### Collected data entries
BEGIN

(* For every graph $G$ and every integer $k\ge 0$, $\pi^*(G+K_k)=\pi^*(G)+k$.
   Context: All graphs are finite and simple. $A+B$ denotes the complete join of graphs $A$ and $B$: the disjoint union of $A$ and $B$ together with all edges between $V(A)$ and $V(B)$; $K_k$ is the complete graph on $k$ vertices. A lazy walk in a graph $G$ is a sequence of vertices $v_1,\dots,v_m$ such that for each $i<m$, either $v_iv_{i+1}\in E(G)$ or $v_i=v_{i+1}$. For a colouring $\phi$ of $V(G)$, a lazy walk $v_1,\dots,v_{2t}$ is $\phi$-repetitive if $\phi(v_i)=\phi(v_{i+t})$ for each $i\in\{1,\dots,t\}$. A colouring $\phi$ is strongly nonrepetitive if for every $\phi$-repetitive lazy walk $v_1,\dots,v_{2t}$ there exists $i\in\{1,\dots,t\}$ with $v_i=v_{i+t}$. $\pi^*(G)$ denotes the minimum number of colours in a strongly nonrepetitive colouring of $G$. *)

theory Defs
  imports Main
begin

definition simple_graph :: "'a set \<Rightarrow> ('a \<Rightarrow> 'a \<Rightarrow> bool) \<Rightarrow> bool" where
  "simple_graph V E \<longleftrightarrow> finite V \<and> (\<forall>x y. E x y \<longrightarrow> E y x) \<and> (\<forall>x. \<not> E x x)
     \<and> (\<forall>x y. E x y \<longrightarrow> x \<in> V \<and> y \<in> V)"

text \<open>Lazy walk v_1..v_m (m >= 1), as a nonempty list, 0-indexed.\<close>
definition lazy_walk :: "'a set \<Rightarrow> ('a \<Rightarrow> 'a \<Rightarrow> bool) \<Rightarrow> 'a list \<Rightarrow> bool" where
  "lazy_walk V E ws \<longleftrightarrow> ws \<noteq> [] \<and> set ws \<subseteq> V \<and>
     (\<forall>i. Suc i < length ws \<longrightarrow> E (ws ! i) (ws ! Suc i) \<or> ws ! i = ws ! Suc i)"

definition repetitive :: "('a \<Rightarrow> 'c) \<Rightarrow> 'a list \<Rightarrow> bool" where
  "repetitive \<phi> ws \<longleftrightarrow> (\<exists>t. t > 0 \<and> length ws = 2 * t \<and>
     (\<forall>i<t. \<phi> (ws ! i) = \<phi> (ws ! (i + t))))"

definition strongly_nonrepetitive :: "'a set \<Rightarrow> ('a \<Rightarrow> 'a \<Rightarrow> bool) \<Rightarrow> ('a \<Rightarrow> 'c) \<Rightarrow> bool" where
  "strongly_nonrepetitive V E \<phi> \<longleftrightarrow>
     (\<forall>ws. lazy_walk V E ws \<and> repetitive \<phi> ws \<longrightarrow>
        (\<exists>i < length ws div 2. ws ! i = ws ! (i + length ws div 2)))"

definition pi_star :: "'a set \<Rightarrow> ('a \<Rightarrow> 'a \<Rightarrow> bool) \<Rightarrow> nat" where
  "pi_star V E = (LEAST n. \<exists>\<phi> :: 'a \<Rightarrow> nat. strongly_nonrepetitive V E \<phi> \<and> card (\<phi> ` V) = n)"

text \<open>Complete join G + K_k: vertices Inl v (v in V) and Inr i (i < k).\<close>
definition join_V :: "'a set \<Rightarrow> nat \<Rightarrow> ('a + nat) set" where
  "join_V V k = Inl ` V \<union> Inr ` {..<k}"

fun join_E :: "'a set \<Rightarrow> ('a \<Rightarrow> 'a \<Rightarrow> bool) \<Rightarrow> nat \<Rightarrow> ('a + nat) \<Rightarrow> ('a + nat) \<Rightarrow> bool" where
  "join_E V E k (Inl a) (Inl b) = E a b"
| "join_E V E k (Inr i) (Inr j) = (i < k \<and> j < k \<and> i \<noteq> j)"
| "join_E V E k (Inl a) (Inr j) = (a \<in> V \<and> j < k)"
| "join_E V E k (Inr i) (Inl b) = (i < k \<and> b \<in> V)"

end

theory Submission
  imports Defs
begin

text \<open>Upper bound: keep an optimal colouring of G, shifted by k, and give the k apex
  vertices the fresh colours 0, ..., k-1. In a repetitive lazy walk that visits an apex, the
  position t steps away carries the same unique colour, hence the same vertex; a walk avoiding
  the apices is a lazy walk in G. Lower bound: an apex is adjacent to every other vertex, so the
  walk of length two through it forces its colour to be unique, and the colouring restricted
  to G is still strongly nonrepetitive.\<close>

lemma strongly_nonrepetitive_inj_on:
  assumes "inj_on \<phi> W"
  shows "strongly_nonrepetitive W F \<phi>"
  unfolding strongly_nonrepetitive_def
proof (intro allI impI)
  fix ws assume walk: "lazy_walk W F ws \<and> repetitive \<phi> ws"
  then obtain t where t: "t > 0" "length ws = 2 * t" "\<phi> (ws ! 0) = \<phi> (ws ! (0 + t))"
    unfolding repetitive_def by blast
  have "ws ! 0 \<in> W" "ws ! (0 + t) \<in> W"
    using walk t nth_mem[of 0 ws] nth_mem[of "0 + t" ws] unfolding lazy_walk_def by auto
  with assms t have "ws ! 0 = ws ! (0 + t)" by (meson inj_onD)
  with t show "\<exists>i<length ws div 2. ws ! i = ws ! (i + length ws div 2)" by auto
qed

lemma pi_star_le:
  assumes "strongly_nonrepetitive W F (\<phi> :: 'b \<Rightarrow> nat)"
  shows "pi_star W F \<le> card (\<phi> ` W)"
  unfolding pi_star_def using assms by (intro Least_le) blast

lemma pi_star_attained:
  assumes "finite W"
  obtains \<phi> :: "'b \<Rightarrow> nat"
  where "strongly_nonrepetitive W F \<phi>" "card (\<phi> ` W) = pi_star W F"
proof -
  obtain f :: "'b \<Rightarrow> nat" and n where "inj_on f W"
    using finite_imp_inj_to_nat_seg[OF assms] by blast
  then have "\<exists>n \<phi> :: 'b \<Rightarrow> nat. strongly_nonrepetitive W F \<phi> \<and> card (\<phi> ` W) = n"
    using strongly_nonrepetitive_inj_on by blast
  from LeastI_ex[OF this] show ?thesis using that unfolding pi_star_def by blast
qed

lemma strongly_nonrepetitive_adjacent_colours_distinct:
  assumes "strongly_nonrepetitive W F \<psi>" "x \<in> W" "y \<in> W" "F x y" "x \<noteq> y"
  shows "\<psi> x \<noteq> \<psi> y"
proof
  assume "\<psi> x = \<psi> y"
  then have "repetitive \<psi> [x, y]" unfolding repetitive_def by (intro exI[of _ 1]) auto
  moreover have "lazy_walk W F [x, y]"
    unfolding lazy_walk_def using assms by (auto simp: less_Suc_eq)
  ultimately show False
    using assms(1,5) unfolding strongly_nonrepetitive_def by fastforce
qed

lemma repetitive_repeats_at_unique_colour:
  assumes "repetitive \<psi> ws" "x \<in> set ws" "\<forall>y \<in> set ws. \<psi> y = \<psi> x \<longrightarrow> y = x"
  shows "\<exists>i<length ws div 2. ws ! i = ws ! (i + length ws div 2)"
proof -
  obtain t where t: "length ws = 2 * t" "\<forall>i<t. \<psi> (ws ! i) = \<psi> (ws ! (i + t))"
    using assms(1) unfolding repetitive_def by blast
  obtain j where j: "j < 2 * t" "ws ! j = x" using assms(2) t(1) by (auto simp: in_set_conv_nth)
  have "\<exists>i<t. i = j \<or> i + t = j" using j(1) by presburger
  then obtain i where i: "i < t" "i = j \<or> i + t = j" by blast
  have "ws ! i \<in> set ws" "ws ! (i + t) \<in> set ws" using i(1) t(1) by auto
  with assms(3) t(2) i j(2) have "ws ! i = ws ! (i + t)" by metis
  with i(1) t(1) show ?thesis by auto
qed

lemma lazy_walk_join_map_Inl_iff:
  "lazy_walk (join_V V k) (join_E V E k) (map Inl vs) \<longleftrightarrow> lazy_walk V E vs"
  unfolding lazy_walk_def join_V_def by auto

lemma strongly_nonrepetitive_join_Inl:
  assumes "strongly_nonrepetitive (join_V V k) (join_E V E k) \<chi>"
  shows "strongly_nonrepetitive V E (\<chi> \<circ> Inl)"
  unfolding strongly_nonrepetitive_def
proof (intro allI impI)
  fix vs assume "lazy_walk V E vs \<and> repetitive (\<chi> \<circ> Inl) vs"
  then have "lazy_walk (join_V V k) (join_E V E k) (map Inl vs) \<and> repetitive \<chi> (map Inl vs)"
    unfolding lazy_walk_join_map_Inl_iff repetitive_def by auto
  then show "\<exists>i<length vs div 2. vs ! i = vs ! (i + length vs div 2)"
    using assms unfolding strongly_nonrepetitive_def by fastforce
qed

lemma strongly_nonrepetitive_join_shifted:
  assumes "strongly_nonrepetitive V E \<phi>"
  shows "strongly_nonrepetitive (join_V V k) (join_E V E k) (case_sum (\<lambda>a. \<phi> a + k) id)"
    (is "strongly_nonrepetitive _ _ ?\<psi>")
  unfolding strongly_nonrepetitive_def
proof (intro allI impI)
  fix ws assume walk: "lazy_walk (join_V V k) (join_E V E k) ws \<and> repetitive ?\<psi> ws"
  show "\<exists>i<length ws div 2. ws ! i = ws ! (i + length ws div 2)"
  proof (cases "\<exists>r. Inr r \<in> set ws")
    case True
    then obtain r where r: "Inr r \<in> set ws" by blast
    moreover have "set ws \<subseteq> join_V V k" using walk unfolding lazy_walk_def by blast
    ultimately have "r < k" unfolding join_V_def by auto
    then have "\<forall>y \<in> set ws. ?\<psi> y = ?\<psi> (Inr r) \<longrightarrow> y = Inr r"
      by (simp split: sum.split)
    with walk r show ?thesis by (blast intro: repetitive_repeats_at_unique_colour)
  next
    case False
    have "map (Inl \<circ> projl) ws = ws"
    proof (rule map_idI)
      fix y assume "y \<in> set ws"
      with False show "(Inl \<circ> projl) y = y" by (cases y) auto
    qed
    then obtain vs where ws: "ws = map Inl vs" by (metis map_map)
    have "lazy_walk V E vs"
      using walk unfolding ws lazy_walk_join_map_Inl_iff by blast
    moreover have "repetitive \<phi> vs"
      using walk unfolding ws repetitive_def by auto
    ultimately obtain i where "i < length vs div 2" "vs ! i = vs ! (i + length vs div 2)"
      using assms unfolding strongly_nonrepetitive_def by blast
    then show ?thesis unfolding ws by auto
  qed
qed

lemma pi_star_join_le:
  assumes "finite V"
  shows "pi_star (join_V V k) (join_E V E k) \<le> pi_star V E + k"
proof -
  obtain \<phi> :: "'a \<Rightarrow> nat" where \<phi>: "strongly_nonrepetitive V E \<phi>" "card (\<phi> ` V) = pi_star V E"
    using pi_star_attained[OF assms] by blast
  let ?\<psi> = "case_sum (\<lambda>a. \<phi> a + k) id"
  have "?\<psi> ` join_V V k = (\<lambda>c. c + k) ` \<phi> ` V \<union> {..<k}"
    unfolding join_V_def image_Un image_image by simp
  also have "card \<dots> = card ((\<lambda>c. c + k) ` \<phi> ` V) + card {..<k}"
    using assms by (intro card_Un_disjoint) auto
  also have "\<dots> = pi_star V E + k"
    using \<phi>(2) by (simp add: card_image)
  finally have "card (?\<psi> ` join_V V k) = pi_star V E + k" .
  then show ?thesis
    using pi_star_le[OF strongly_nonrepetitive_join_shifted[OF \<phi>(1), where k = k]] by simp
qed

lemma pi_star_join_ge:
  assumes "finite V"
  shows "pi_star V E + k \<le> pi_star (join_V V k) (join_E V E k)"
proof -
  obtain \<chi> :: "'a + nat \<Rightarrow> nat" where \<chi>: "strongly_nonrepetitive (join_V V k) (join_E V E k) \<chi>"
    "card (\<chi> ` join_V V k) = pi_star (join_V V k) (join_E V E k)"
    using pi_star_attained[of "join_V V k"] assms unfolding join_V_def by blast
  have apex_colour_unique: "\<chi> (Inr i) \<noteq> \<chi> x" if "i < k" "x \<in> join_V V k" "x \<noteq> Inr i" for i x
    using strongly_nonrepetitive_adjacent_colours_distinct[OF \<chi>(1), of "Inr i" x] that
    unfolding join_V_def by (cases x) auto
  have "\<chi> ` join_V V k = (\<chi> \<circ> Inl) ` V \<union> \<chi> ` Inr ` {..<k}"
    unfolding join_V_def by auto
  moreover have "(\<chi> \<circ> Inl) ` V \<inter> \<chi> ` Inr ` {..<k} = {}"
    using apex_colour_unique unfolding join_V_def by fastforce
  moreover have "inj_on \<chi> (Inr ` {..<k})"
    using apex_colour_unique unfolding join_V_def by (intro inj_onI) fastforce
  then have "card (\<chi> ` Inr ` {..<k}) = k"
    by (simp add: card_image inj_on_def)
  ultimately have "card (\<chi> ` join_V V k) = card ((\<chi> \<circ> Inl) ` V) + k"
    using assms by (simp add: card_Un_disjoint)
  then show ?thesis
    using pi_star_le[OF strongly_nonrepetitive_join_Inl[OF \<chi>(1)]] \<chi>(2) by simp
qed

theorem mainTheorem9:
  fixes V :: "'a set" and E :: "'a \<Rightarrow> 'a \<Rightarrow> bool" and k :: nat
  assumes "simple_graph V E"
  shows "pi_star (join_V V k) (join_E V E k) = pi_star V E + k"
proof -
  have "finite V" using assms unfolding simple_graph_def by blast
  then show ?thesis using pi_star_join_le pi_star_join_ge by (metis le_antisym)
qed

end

END

### What you are asked to do
Transcribe the records above exactly, from the opening line down to and including the line with "(\<forall>x. \<not> E x x)".

### Response below
(* For every graph $G$ and every integer $k\ge 0$, $\pi^*(G+K_k)=\pi^*(G)+k$.
   Context: All graphs are finite and simple. $A+B$ denotes the complete join of graphs $A$ and $B$: the disjoint union of $A$ and $B$ together with all edges between $V(A)$ and $V(B)$; $K_k$ is the complete graph on $k$ vertices. A lazy walk in a graph $G$ is a sequence of vertices $v_1,\dots,v_m$ such that for each $i<m$, either $v_iv_{i+1}\in E(G)$ or $v_i=v_{i+1}$. For a colouring $\phi$ of $V(G)$, a lazy walk $v_1,\dots,v_{2t}$ is $\phi$-repetitive if $\phi(v_i)=\phi(v_{i+t})$ for each $i\in\{1,\dots,t\}$. A colouring $\phi$ is strongly nonrepetitive if for every $\phi$-repetitive lazy walk $v_1,\dots,v_{2t}$ there exists $i\in\{1,\dots,t\}$ with $v_i=v_{i+t}$. $\pi^*(G)$ denotes the minimum number of colours in a strongly nonrepetitive colouring of $G$. *)

theory Defs
  imports Main
begin

definition simple_graph :: "'a set \<Rightarrow> ('a \<Rightarrow> 'a \<Rightarrow> bool) \<Rightarrow> bool" where
  "simple_graph V E \<longleftrightarrow> finite V \<and> (\<forall>x y. E x y \<longrightarrow> E y x) \<and> (\<forall>x. \<not> E x x)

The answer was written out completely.